▶ [Exercise details]: Would you restate all the entries exactly, leaving nothing out?

Collection entries

[Start of Attachment]

lemma subset_prob_all_ge:
  assumes "finite B" "finite I" "0 \<le> p" "p \<le> 1"
  shows "1 - (\<Sum>i\<in>I. subset_prob p B (\<lambda>S. \<not> P i S)) \<le> subset_prob p B (\<lambda>S. \<forall>i\<in>I. P i S)"
proof -
  have "1 - (\<Sum>i\<in>I. subset_prob p B (\<lambda>S. \<not> P i S))
      = subset_expect p B (\<lambda>S. 1 - (\<Sum>i\<in>I. if \<not> P i S then 1 else 0))"
    unfolding subset_prob_def
    by (simp add: subset_expect_diff subset_expect_sum subset_expect_const assms(1))
  also have "\<dots> \<le> subset_prob p B (\<lambda>S. \<forall>i\<in>I. P i S)"
    unfolding subset_prob_def
  proof (rule subset_expect_mono[OF assms(3,4)])
    fix S
    show "1 - (\<Sum>i\<in>I. if \<not> P i S then 1 else 0) \<le> (if \<forall>i\<in>I. P i S then 1 else (0::real))"
    proof (cases "\<forall>i\<in>I. P i S")
      case False
      then obtain i where "i \<in> I" "\<not> P i S" by blast
      then have "1 \<le> (\<Sum>i\<in>I. if \<not> P i S then 1 else (0::real))"
        using member_le_sum[of i I "\<lambda>i. if \<not> P i S then 1 else (0::real)"] assms(2) by auto
      then show ?thesis using False by simp
    qed (simp add: sum_nonneg)
  qed
  finally show ?thesis .
qed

[End of Attachment]

▶ [Answer space]:
lemma subset_prob_all_ge:
  assumes "finite B" "finite I" "0 \<le> p" "p \<le> 1"
  shows "1 - (\<Sum>i\<in>I. subset_prob p B (\<lambda>S. \<not> P i S)) \<le> subset_prob p B (\<lambda>S. \<forall>i\<in>I. P i S)"
proof -
  have "1 - (\<Sum>i\<in>I. subset_prob p B (\<lambda>S. \<not> P i S))
      = subset_expect p B (\<lambda>S. 1 - (\<Sum>i\<in>I. if \<not> P i S then 1 else 0))"
    unfolding subset_prob_def
    by (simp add: subset_expect_diff subset_expect_sum subset_expect_const assms(1))
  also have "\<dots> \<le> subset_prob p B (\<lambda>S. \<forall>i\<in>I. P i S)"
    unfolding subset_prob_def
  proof (rule subset_expect_mono[OF assms(3,4)])
    fix S
    show "1 - (\<Sum>i\<in>I. if \<not> P i S then 1 else 0) \<le> (if \<forall>i\<in>I. P i S then 1 else (0::real))"
    proof (cases "\<forall>i\<in>I. P i S")
      case False
      then obtain i where "i \<in> I" "\<not> P i S" by blast
      then have "1 \<le> (\<Sum>i\<in>I. if \<not> P i S then 1 else (0::real))"
        using member_le_sum[of i I "\<lambda>i. if \<not> P i S then 1 else (0::real)"] assms(2) by auto
      then show ?thesis using False by simp
    qed (simp add: sum_nonneg)
  qed
  finally show ?thesis .
qed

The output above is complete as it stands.